In Curtis, familiarity never bred contempt.

On a cold February day in 1984, five months or so after the appearance of the bugs, Brian Cole stuck his head into the SC's office. Tony Schoondist was in Scranton, trying to explain why he hadn't spent his entire budget appropriation for 1983 (there was nothing like one or two scrimpy SCs to make everyone else look bad), and Sandy Dearborn was holding down the big chair. By then it was fitting his ass quite nicely.

'Think you better take a little amble out to the back shed, boss,' Brian said. 'Code D.'

'What kind of Code D we talking about, Bri?'

'Trunk's up.'

'Are you sure it didn't just pop open? There haven't been any fireworks since just before Christmas. Usually ? '

'Usually there's fireworks, I know. But the temperature's been too low in there for the last week. Besides, I can see something.'

That got Sandy on his feet. He could feel the old dread stealing its fat fingers around his heart and starting to squeeze. Another mess to clean up, maybe. Probably. Please God don't let it be another fish, he thought. Nothing that has to be hosed out of there by men wearing masks.

'Do you think it might be alive?' Sandy asked. He thought he sounded calm enough, but he did not feel particularly calm. 'The thing you saw, does it look ? '

'It looks like some sort of uprooted plant,' Brian said. 'Part of it's hanging down over the back bumper. Tell you what, boss, it looks a little bit like an Easter lily.'

'Have Matt call Curtis in off the road. His shift's almost over, anyway.'

Curt rogered the Code D, told Matt he was out on Sawmill Road, and said he'd be back at base in fifteen minutes. That gave Sandy time to get the coil of yellow rope out of the

hutch and to have a good long look into Shed B with the pair of cheap but fairly powerful binoculars that were also kept in the hutch. He agreed with Brian. The thing hanging out of the trunk, a draggled and membranous white shading to dark green, looked as much like an Easter lily as anything else. The kind you see about five days after the holiday, drooping and going on dead.

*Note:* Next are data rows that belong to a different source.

(* The bi-immune symmetric group $G_{\mathfrak{B}}$ is dense in $\mathrm{Sym}(\mathbb{N})$ with respect to the topology of pointwise convergence (equivalently, with respect to the metric $d$ below).
   Context: $\mathbb{N}$ denotes the non-negative integers, and $\mathrm{Sym}(\mathbb{N})$ the group of all permutations of $\mathbb{N}$ under composition ($g \circ f$ means apply $f$ first). For $\sigma, \tau \in \mathrm{Sym}(\mathbb{N})$ let $\rho(\sigma,\tau) = 0$ if $\sigma = \tau$, and otherwise $\rho(\sigma,\tau) = 2^{-j}$ where $j$ is the least $i$ with $\sigma(i) \neq \tau(i)$; set $d(\sigma,\tau) = \max\{\rho(\sigma,\tau), \rho(\sigma^{-1},\tau^{-1})\}$, a complete metric inducing the pointwise convergence topology. For $i \in \mathbb{N}$, $\sigma_{(i)}$ is the permutation swapping $i$ and $i+1$ and fixing all other numbers. For $A \subseteq \mathbb{N}$ with increasing enumeration $a_0 < a_1 < \cdots$, define $\sigma_A(x) = \lim_{n \to \infty} (\sigma_{(a_0)} \circ \sigma_{(a_1)} \circ \cdots \circ \sigma_{(a_n)})(x)$ (eventually constant for each $x$). A set $A$ is immune if it is infinite and contains no infinite computably enumerable subset; $A$ is bi-immune if both $A$ and $\mathbb{N} - A$ are immune. For bi-immune $A$, $\sigma_A$ is a permutation of $\mathbb{N}$. The bi-immune symmetric group $G_{\mathfrak{B}}$ is the subgroup of $\mathrm{Sym}(\mathbb{N})$ generated by $\{\sigma_A : A \text{ bi-immune}\}$. *)

theory Defs
  imports Complex_Main "HOL-Library.Infinite_Set" "HOL-Algebra.Bij" "HOL-Algebra.Generated_Groups"
begin

datatype recf = Zero | Succ | Proj nat | Comp recf "recf list" | Prec recf recf | Mn recf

Curt showed up, parked sloppily in front of the gas pump, and came on the trot to where Sandy, Brian, Huddie, Arky Arkanian, and a few others were standing at the shed windows in those sidewalk superintendent poses. Sandy held the binoculars out and Curt took them. He stood for nearly a full minute, at first making tiny adjustments to the focus-knob, then just looking.

'Well?' Sandy asked when he was finally finished.

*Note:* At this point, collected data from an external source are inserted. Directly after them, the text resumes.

(* Let $\bar L^g>0$, $\gamma_0>0$, $\beta_0:=\bar L^g/\gamma_0$, and let $c_k\in(-1,1]$ for $k\ge0$. Define $a_0:=\big(1+c_0+\sqrt{4(1-c_0)+(1+c_0)^2}\big)/2$, $a_{k+1}:=\big(1+c_{k+1}+\sqrt{4a_k^2+(1-c_{k+1})^2}\big)/2$, $\tau_k:=a_k^{-1}$, $\beta_{k+1}:=(1-\tau_k)\beta_k$, $\gamma_{k+1}:=(1-c_k\tau_k)\gamma_k$, and $s_k:=\sum_{i=1}^kc_i$. Then for all $k\ge0$, $$\frac{k+a_0+s_k}{2}\le a_k\le k+a_0,\qquad \frac{\bar L^g}{(k+a_0)^2}\le\gamma_{k+1}\beta_{k+1}\le\frac{4\bar L^g}{(k+a_0+s_k)^2}.$$ Moreover, if $c_k=0$ for all $k$, then $\frac{\beta_0}{(k+2)^2}\le\beta_{k+1}\le\frac{4\beta_0}{(k+1)^2}$, and if $c_k=1$ for all $k$, then $\beta_{k+1}=\frac{\beta_0}{k+2}$. *)

theory Defs
  imports Complex_Main
begin

primrec aseq :: "(nat \<Rightarrow> real) \<Rightarrow> nat \<Rightarrow> real" where
  "aseq c 0 = (1 + c 0 + sqrt (4 * (1 - c 0) + (1 + c 0)^2)) / 2"
| "aseq c (Suc k) = (1 + c (Suc k) + sqrt (4 * (aseq c k)^2 + (1 - c (Suc k))^2)) / 2"

definition tau :: "(nat \<Rightarrow> real) \<Rightarrow> nat \<Rightarrow> real" where
  "tau c k = inverse (aseq c k)"

primrec betaseq :: "real \<Rightarrow> real \<Rightarrow> (nat \<Rightarrow> real) \<Rightarrow> nat \<Rightarrow> real" where
  "betaseq Lg g0 c 0 = Lg / g0"
| "betaseq Lg g0 c (Suc k) = (1 - tau c k) * betaseq Lg g0 c k"

primrec gammaseq :: "real \<Rightarrow> (nat \<Rightarrow> real) \<Rightarrow> nat \<Rightarrow> real" where
  "gammaseq g0 c 0 = g0"
| "gammaseq g0 c (Suc k) = (1 - c k * tau c k) * gammaseq g0 c k"

definition sseq :: "(nat \<Rightarrow> real) \<Rightarrow> nat \<Rightarrow> real" where
  "sseq c k = (\<Sum>i=1..k. c i)"

end

theory Submission
  imports Defs
begin

text \<open>
  Both defining equations of \<open>a\<^sub>k\<close> take the larger root of \<open>(x - 1)(x - c\<^sub>k) = q\<^sup>2\<close>,
  with \<open>q = 1\<close> for \<open>k = 0\<close> and \<open>q = a\<^sub>k\<^sub>-\<^sub>1\<close> afterwards. Since the product \<open>\<gamma>\<beta>\<close> is multiplied
  at step \<open>k\<close> by \<open>(1 - \<tau>\<^sub>k)(1 - c\<^sub>k\<tau>\<^sub>k) = (a\<^sub>k - 1)(a\<^sub>k - c\<^sub>k) / a\<^sub>k\<^sup>2\<close>, it telescopes to
  \<open>\<gamma>\<^sub>k\<^sub>+\<^sub>1 \<beta>\<^sub>k\<^sub>+\<^sub>1 = L / a\<^sub>k\<^sup>2\<close>. The same root description gives
  \<open>2a\<^sub>k + 1 + c\<^sub>k\<^sub>+\<^sub>1 \<le> 2a\<^sub>k\<^sub>+\<^sub>1 \<le> 2a\<^sub>k + 2\<close>, and summing these yields the bounds on \<open>a\<^sub>k\<close>,
  hence on \<open>\<gamma>\<^sub>k\<^sub>+\<^sub>1 \<beta>\<^sub>k\<^sub>+\<^sub>1\<close>.
\<close>

definition upper_root :: "real \<Rightarrow> real \<Rightarrow> real" where
  "upper_root d q = (1 + d + sqrt (4 * q\<^sup>2 + (1 - d)\<^sup>2)) / 2"

lemma upper_root_eq: "(upper_root d q - 1) * (upper_root d q - d) = q\<^sup>2"
proof -
  define r where "r = sqrt (4 * q\<^sup>2 + (1 - d)\<^sup>2)"
  have "r\<^sup>2 = 4 * q\<^sup>2 + (1 - d)\<^sup>2"
    unfolding r_def by simp
  moreover have "(upper_root d q - 1) * (upper_root d q - d) = (r\<^sup>2 - (1 - d)\<^sup>2) / 4"
    unfolding upper_root_def r_def[symmetric] by (simp add: field_simps power2_eq_square)
  ultimately show ?thesis by simp
qed

lemma upper_root_lower_bound: "2 * \<bar>q\<bar> + 1 + d \<le> 2 * upper_root d q"
proof -
  have "sqrt ((2 * q)\<^sup>2) \<le> sqrt (4 * q\<^sup>2 + (1 - d)\<^sup>2)"
    by (intro real_sqrt_le_mono) (simp add: power_mult_distrib)
  then show ?thesis
    unfolding upper_root_def real_sqrt_abs by simp
qed

lemma upper_root_upper_bound:
  assumes "q \<ge> 0" and "d \<le> 1"
  shows "upper_root d q \<le> q + 1"
proof -
  have "4 * q\<^sup>2 + (1 - d)\<^sup>2 \<le> (2 * q + (1 - d))\<^sup>2"
    using assms mult_right_mono[of d 1 q] by (simp add: power2_eq_square algebra_simps)
  then have "sqrt (4 * q\<^sup>2 + (1 - d)\<^sup>2) \<le> 2 * q + (1 - d)"
    using assms real_sqrt_le_mono[of _ "(2 * q + (1 - d))\<^sup>2"] by simp
  then show ?thesis
    unfolding upper_root_def by simp
qed

lemma aseq_0_upper_root: "aseq c 0 = upper_root (c 0) 1"
  by (simp add: upper_root_def power2_eq_square algebra_simps)

lemma aseq_Suc_upper_root: "aseq c (Suc k) = upper_root (c (Suc k)) (aseq c k)"
  by (simp add: upper_root_def)

declare aseq.simps [simp del]

lemma aseq_gt_1:
  assumes "\<And>k. -1 < c k"
  shows "aseq c k > 1"
proof (induction k)
  case 0
  show ?case
    using upper_root_lower_bound[of 1 "c 0"] assms[of 0] by (simp add: aseq_0_upper_root)
next
  case (Suc k)
  show ?case
    using upper_root_lower_bound[of "aseq c k" "c (Suc k)"] assms[of "Suc k"] Suc
    by (simp add: aseq_Suc_upper_root)
qed

lemma aseq_upper_bound:
  assumes "\<And>k. -1 < c k" and "\<And>k. c k \<le> 1"
  shows "aseq c k \<le> real k + aseq c 0"
proof (induction k)
  case (Suc k)
  have "aseq c (Suc k) \<le> aseq c k + 1"
    unfolding aseq_Suc_upper_root
    using upper_root_upper_bound aseq_gt_1[of c k, OF assms(1)] assms(2) by (simp add: less_imp_le)
  with Suc show ?case by simp
qed simp

lemma sseq_Suc: "sseq c (Suc k) = sseq c k + c (Suc k)"
  by (simp add: sseq_def)

lemma aseq_lower_bound:
  assumes "\<And>k. -1 < c k"
  shows "real k + aseq c 0 + sseq c k \<le> 2 * aseq c k"
proof (induction k)
  case 0
  show ?case
    using aseq_gt_1[of c 0, OF assms] by (simp add: sseq_def)
next
  case (Suc k)
  have "2 * aseq c k + 1 + c (Suc k) \<le> 2 * aseq c (Suc k)"
    using upper_root_lower_bound[of "aseq c k" "c (Suc k)"] aseq_gt_1[of c k, OF assms]
    by (simp add: aseq_Suc_upper_root)
  with Suc show ?case by (simp add: sseq_Suc)
qed

lemma sseq_lower_bound:
  assumes "\<And>k. -1 < c k"
  shows "- real k \<le> sseq c k"
proof (induction k)
  case (Suc k)
  with assms[of "Suc k"] show ?case by (simp add: sseq_Suc)
qed (simp add: sseq_def)

lemma step_factor_eq_div_square:
  fixes a d :: real
  assumes "a \<noteq> 0"
  shows "(1 - d * inverse a) * (1 - inverse a) = (a - 1) * (a - d) / a\<^sup>2"
  using assms by (simp add: field_simps power2_eq_square)

lemma gammaseq_betaseq_Suc:
  assumes "\<And>k. -1 < c k" and "g0 \<noteq> 0"
  shows "gammaseq g0 c (Suc k) * betaseq Lg g0 c (Suc k) = Lg / (aseq c k)\<^sup>2"
proof (induction k)
  case 0
  have "gammaseq g0 c 1 * betaseq Lg g0 c 1
        = (aseq c 0 - 1) * (aseq c 0 - c 0) / (aseq c 0)\<^sup>2 * Lg"
    using step_factor_eq_div_square[of "aseq c 0" "c 0"] aseq_gt_1[of c 0, OF assms(1)] assms(2)
    by (simp add: tau_def) (metis mult.assoc times_divide_eq_left)
  then show ?case
    using upper_root_eq[of "c 0" 1] by (simp add: aseq_0_upper_root)
next
  case (Suc k)
  have a_nonzero: "aseq c (Suc k) \<noteq> 0"
    using aseq_gt_1[of c "Suc k", OF assms(1)] by simp
  have "gammaseq g0 c (Suc (Suc k)) * betaseq Lg g0 c (Suc (Suc k))
        = (aseq c (Suc k) - 1) * (aseq c (Suc k) - c (Suc k)) / (aseq c (Suc k))\<^sup>2
          * (gammaseq g0 c (Suc k) * betaseq Lg g0 c (Suc k))"
    using step_factor_eq_div_square[OF a_nonzero, of "c (Suc k)"]
    by (simp only: gammaseq.simps(2)[of g0 c "Suc k"] betaseq.simps(2)[of Lg g0 c "Suc k"]
        tau_def mult_ac)
  also have "(aseq c (Suc k) - 1) * (aseq c (Suc k) - c (Suc k)) = (aseq c k)\<^sup>2"
    using upper_root_eq by (simp add: aseq_Suc_upper_root)
  finally show ?case
    using Suc aseq_gt_1[of c k, OF assms(1)] by (simp add: field_simps)
qed

lemma divide_square_bounds:
  fixes B l x u :: real
  assumes "0 < l" and "l \<le> x" and "x \<le> u" and "0 \<le> B"
  shows "B / u\<^sup>2 \<le> B / x\<^sup>2" and "B / x\<^sup>2 \<le> B / l\<^sup>2"
  using assms by (auto intro!: divide_left_mono power_mono mult_pos_pos)

lemma betaseq_Suc_c_zero:
  assumes "\<And>k. c k = 0" and "g0 \<noteq> 0"
  shows "betaseq Lg g0 c (Suc k) = betaseq Lg g0 c 0 / (aseq c k)\<^sup>2"
proof -
  have "gammaseq g0 c (Suc k) = g0"
    by (induction k) (simp_all add: assms(1))
  moreover have "gammaseq g0 c (Suc k) * betaseq Lg g0 c (Suc k) = Lg / (aseq c k)\<^sup>2"
    by (rule gammaseq_betaseq_Suc) (simp_all add: assms)
  ultimately have "g0 * betaseq Lg g0 c (Suc k) = Lg / (aseq c k)\<^sup>2"
    by (simp only:)
  then have "betaseq Lg g0 c (Suc k) = Lg / (aseq c k)\<^sup>2 / g0"
    using assms(2) by (metis nonzero_mult_div_cancel_left)
  then show ?thesis
    by (simp add: mult.commute del: betaseq.simps(2))
qed

lemma aseq_0_c_zero_le_2:
  assumes "c 0 = 0"
  shows "aseq c 0 \<le> 2"
proof -
  have "sqrt 5 \<le> sqrt (3\<^sup>2)"
    by (intro real_sqrt_le_mono) simp
  then show ?thesis
    using assms by (simp add: aseq.simps)
qed

lemma aseq_c_one:
  assumes "\<And>k. c k = 1"
  shows "aseq c k = real k + 2"
proof (induction k)
  case (Suc k)
  have "4 * (real k + 2)\<^sup>2 = (2 * (real k + 2))\<^sup>2"
    by (simp add: power2_eq_square algebra_simps)
  with Suc show ?case
    by (simp add: assms aseq_Suc_upper_root upper_root_def)
qed (simp add: assms aseq.simps)

lemma betaseq_Suc_c_one:
  assumes "\<And>k. c k = 1"
  shows "betaseq Lg g0 c (Suc k) = betaseq Lg g0 c 0 / (real k + 2)"
proof (induction k)
  case 0
  show ?case by (simp add: tau_def aseq_c_one[OF assms])
next
  case (Suc k)
  have "1 - inverse (real k + 3) = (real k + 2) / (real k + 3)"
    by (simp add: field_simps)
  with Suc show ?case
    by (simp add: tau_def aseq_c_one[OF assms] add.commute del: betaseq.simps(1))
qed

lemma gammaseq_betaseq_Suc_bounds:
  assumes "\<And>k. -1 < c k" and "\<And>k. c k \<le> 1" and "0 \<le> Lg" and "g0 \<noteq> 0"
  shows "Lg / (real k + aseq c 0)\<^sup>2 \<le> gammaseq g0 c (Suc k) * betaseq Lg g0 c (Suc k)"
    and "gammaseq g0 c (Suc k) * betaseq Lg g0 c (Suc k) \<le> 4 * Lg / (real k + aseq c 0 + sseq c k)\<^sup>2"
  using divide_square_bounds[of "(real k + aseq c 0 + sseq c k) / 2" "aseq c k" "real k + aseq c 0" Lg]
    aseq_lower_bound[of c k, OF assms(1)] aseq_upper_bound[of c k, OF assms(1,2)]
    sseq_lower_bound[of c k, OF assms(1)] aseq_gt_1[of c 0, OF assms(1)]
    gammaseq_betaseq_Suc[of c, OF assms(1,4)] assms(3)
  by (simp_all add: power_divide mult.commute del: gammaseq.simps betaseq.simps)

lemma betaseq_Suc_bounds_c_zero:
  assumes "\<And>k. c k = 0" and "0 \<le> Lg" and "0 < g0"
  shows "betaseq Lg g0 c 0 / (real k + 2)\<^sup>2 \<le> betaseq Lg g0 c (Suc k)"
    and "betaseq Lg g0 c (Suc k) \<le> 4 * betaseq Lg g0 c 0 / (real k + 1)\<^sup>2"
proof -
  have gt: "-1 < c k" for k
    by (simp add: assms(1))
  have "real k + 1 \<le> 2 * aseq c k" and "aseq c k \<le> real k + 2"
    using aseq_lower_bound[of c k, OF gt] aseq_upper_bound[of c k, OF gt] aseq_0_c_zero_le_2[of c]
      aseq_gt_1[of c 0, OF gt] assms(1) by (simp_all add: sseq_def)
  moreover have "betaseq Lg g0 c 0 \<ge> 0"
    using assms(2,3) by simp
  ultimately show "betaseq Lg g0 c 0 / (real k + 2)\<^sup>2 \<le> betaseq Lg g0 c (Suc k)"
    and "betaseq Lg g0 c (Suc k) \<le> 4 * betaseq Lg g0 c 0 / (real k + 1)\<^sup>2"
    using divide_square_bounds[of "(real k + 1) / 2" "aseq c k" "real k + 2" "betaseq Lg g0 c 0"]
      betaseq_Suc_c_zero[of c g0 Lg k] assms
    by (simp_all add: power_divide mult.commute del: betaseq.simps)
qed

theorem lemma4p4:
  fixes Lg g0 :: real and c :: "nat \<Rightarrow> real"
  assumes "Lg > 0" and "g0 > 0"
    and "\<forall>k. -1 < c k \<and> c k \<le> 1"
  shows "(\<forall>k. (real k + aseq c 0 + sseq c k) / 2 \<le> aseq c k
            \<and> aseq c k \<le> real k + aseq c 0
            \<and> Lg / (real k + aseq c 0)^2
                \<le> gammaseq g0 c (Suc k) * betaseq Lg g0 c (Suc k)
            \<and> gammaseq g0 c (Suc k) * betaseq Lg g0 c (Suc k)
                \<le> 4 * Lg / (real k + aseq c 0 + sseq c k)^2)
       \<and> ((\<forall>k. c k = 0) \<longrightarrow>
            (\<forall>k. betaseq Lg g0 c 0 / (real k + 2)^2 \<le> betaseq Lg g0 c (Suc k)
               \<and> betaseq Lg g0 c (Suc k) \<le> 4 * betaseq Lg g0 c 0 / (real k + 1)^2))
       \<and> ((\<forall>k. c k = 1) \<longrightarrow>
            (\<forall>k. betaseq Lg g0 c (Suc k) = betaseq Lg g0 c 0 / (real k + 2)))"
proof -
  have gt: "\<And>k. -1 < c k" and le: "\<And>k. c k \<le> 1"
    using assms(3) by auto
  have "(real k + aseq c 0 + sseq c k) / 2 \<le> aseq c k" for k
    using aseq_lower_bound[of c k, OF gt] by simp
  moreover note aseq_upper_bound[of c, OF gt le]
  moreover note gammaseq_betaseq_Suc_bounds[of c, OF gt le, of Lg g0] assms(1,2)
  moreover note betaseq_Suc_bounds_c_zero[of c Lg g0] betaseq_Suc_c_one[of c Lg g0]
  ultimately show ?thesis
    by (auto simp del: gammaseq.simps betaseq.simps)
qed

end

'I'm going in,' Curt replied, a response that didn't surprise Sandy in the slightest; why else had he bothered to get the rope? 'And if it doesn't rear up and try to bite me, I'll photograph it, video it, and bag it. Just give me five minutes to get ready.'

It didn't take him even that. He came out of the barracks wearing surgical gloves ? what were already coming to be known in the PSP as 'AIDS mittens' ?  a barber's smock, rubber galoshes, and a bathing cap over his hair. Hung around his neck was a Puff-Pak, a little plastic breathing mask with its own air supply that was good for about five minutes. In one of his gloved hands he had a Polaroid camera. There was a green plastic garbage bag tucked into his belt.

Huddie had unlimbered the videocam and now he trained it on Curt, who looked tres fantastique as he strode manfully across the parking lot in his blue bathing cap and red galoshes (and even more so when Sandy had knotted the yellow rope around his middle).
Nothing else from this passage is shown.